* **How to complete this task**: I'd like every line in the following listing that holds "with" copied.

--------------------------------------------------

lemma sortable_if_sorts_from:
  assumes "sorts_from k (\<pi>, replicate k [], [], [])" shows "sortable k \<pi>"
proof -
  obtain I out where run: "(mstep k)\<^sup>*\<^sup>* (\<pi>, replicate k [], [], []) ([], replicate k [], I, out)"
    and "sorted (out @ I)"
    using assms unfolding sorts_from_def by blast
  then have run': "(mstep k)\<^sup>*\<^sup>* (\<pi>, replicate k [], [], []) ([], replicate k [], [], out @ I)"
    using steps_output_all rtranclp_trans by fast
  have "mset (out @ I) = mset \<pi>"
    using reachable_invariants(2)[OF run'] by (induction k) simp_all
  with \<open>sorted (out @ I)\<close> have "sort \<pi> = out @ I" by (intro properties_for_sort)
  with run' show ?thesis unfolding sortable_def by auto
qed

lemma omega_0 [simp]: "omega 0 = []"
  by (simp add: omega_def)

lemma omega_Suc: "omega (Suc k) = [2*k+4, 2*k+7] @ omega k"
  by (simp add: omega_def)

lemma omega_bounds: "x \<in> set (omega k) \<Longrightarrow> 4 \<le> x \<and> x \<le> 2*k+5 \<and> x \<noteq> 5 \<and> x \<noteq> 2*k+4"
  by (induction k) (auto simp: omega_def)

lemma distinct_omega: "distinct (omega k)"
proof (induction k)
  case (Suc k)
  have "2*k+4 \<notin> set (omega k)" "2*k+7 \<notin> set (omega k)" using omega_bounds by fastforce+
  with Suc show ?case by (simp add: omega_Suc)
qed simp

lemma distinct_alpha: "distinct (alpha j)"
  using distinct_omega[of j] omega_bounds[of _ j] by (fastforce simp: alpha_def)

lemma length_omega: "length (omega j) = 2*j"
  by (induction j) (simp_all add: omega_Suc)

lemma length_alpha: "length (alpha j) = 2*j+5"
  by (simp add: alpha_def length_omega)

lemma subseq_omega_tail: "subseq [2*i+5, 2] (omega i @ [1, 5, 2])"
  by (cases i) (simp_all add: omega_Suc subseq_singleton_left)

lemma omega_tail_hd_le: "x # r = omega k @ [1, 5, 2] \<Longrightarrow> x \<le> 2*k+2"
  by (cases k) (auto simp: omega_Suc)

section \<open>No alpha j is 2-sortable\<close>

lemma mstep2E:
  assumes "mstep 2 (inp, [a, b], I, out) t"
  obtains (d0) x inp' where "inp = x # inp'" "a = [] \<or> hd a < x" "t = (inp', [x # a, b], I, out)"
  | (d1) x a' where "a = x # a'" "b = [] \<or> hd b < x" "t = (inp, [a', x # b], I, out)"
  | (d2) x b' where "b = x # b'" "I = [] \<or> x < hd I" "t = (inp, [a, b'], x # I, out)"
  | (d3) x I' where "I = x # I'" "t = (inp, [a, b], I', out @ [x])"
proof -
  obtain i where "i \<le> 3" "machine_op 2 i (inp, [a, b], I, out) = Some t"
    using assms by (rule mstep_machine_op) simp
  moreover have "i = 0 \<or> i = 1 \<or> i = 2 \<or> i = 3" using \<open>i \<le> 3\<close> by presburger
  ultimately consider "machine_op 2 0 (inp, [a, b], I, out) = Some t"
    | "machine_op 2 1 (inp, [a, b], I, out) = Some t"
    | "machine_op 2 2 (inp, [a, b], I, out) = Some t"
    | "machine_op 2 3 (inp, [a, b], I, out) = Some t"
    by blast
  then show ?thesis
  proof cases
    case 1 then show ?thesis by (auto split: list.splits if_splits intro: d0)
  next
    case 2 then show ?thesis by (cases a) (auto split: if_splits intro: d1)
  next
    case 3 then show ?thesis by (cases b) (auto split: if_splits intro: d2)
  next
    case 4 then show ?thesis by (auto split: list.splits intro: d3)
  qed
qed

lemma subseq_pair_move:
  assumes "subseq [d, e] (b @ x # w)" "x = e \<Longrightarrow> d \<notin> set b"
  shows "subseq [d, e] (x # b @ w)"
proof -
  from assms(1) obtain xs1 xs2 where split: "[d, e] = xs1 @ xs2" "subseq xs1 b" "subseq xs2 (x # w)"
    by (rule subseq_appendE)
  show ?thesis
  proof (cases xs1)
    case Nil
    with split have dew: "subseq [d, e] (x # w)" by simp
    show ?thesis
    proof (cases "x = d")
      case True
      with dew have "subseq [e] (b @ w)" by (simp add: subseq_drop_many)
      with True show ?thesis by simp
    next
      case False
      with dew have "subseq [d, e] (b @ w)" by (simp add: subseq_drop_many)
      then show ?thesis by (rule list_emb_Cons)
    qed
  next
    case (Cons y ys)
    with split(1) have "xs1 = [d] \<and> xs2 = [e] \<or> xs1 = [d, e] \<and> xs2 = []"
      by (cases ys) simp_all
    then show ?thesis
    proof (elim disjE conjE)
      assume "xs1 = [d]" "xs2 = [e]"
      with split have "subseq [d] b" "subseq [e] (x # w)" by simp_all
      moreover from \<open>subseq [d] b\<close> assms(2) have "e \<noteq> x" by (auto simp: subseq_singleton_left)
      ultimately have "subseq [e] w" by simp
      with \<open>subseq [d] b\<close> have "subseq ([d] @ [e]) (b @ w)" by (rule list_emb_append_mono)
      then show ?thesis by (intro list_emb_Cons) simp
    next
      assume "xs1 = [d, e]"
      with split have "subseq [d, e] (b @ w)" by (simp add: subseq_rev_drop_many)
      then show ?thesis by (rule list_emb_Cons)
    qed
  qed
qed

lemma subseq_pair_Cons: "subseq [d, e] (x # w) \<Longrightarrow> x \<noteq> d \<Longrightarrow> subseq [d, e] w"
  by simp

lemma subseq_pair_jump:
  assumes "subseq [d, e] (u @ v @ x # w)" "x = e \<Longrightarrow> d \<notin> set v"
  shows "subseq [d, e] (u @ x # v @ w)"
  using assms(1)
proof (induction u)
  case Nil
  from Nil assms(2) show ?case unfolding append_Nil by (rule subseq_pair_move)
next
  case (Cons y u)
  then show ?case by (cases "y = d") (simp_all add: subseq_singleton_left)
qed

(* concat (rev D) @ inp is the queue D_k, ..., D_1, input, each stack listed top first. *)
fun doomed :: "mstate \<Rightarrow> bool" where
  "doomed (inp, D, I, out) \<longleftrightarrow>
     \<not> sorted out
   \<or> (\<exists>z \<in> set out. \<exists>y \<in> set (concat (rev D) @ inp) \<union> set I. y < z)
   \<or> (\<exists>c \<in> set I. \<exists>d e. e < c \<and> c < d \<and> subseq [d, e] (concat (rev D) @ inp))"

--------------------------------------------------

* **Worked solution**:
  with \<open>sorted (out @ I)\<close> have "sort \<pi> = out @ I" by (intro properties_for_sort)
  with run' show ?thesis unfolding sortable_def by auto
  with Suc show ?case by (simp add: omega_Suc)
    with split have dew: "subseq [d, e] (x # w)" by simp
      with dew have "subseq [e] (b @ w)" by (simp add: subseq_drop_many)
      with True show ?thesis by simp
      with dew have "subseq [d, e] (b @ w)" by (simp add: subseq_drop_many)
    with split(1) have "xs1 = [d] \<and> xs2 = [e] \<or> xs1 = [d, e] \<and> xs2 = []"
      with split have "subseq [d] b" "subseq [e] (x # w)" by simp_all
      with \<open>subseq [d] b\<close> have "subseq ([d] @ [e]) (b @ w)" by (rule list_emb_append_mono)
      with split have "subseq [d, e] (b @ w)" by (simp add: subseq_rev_drop_many)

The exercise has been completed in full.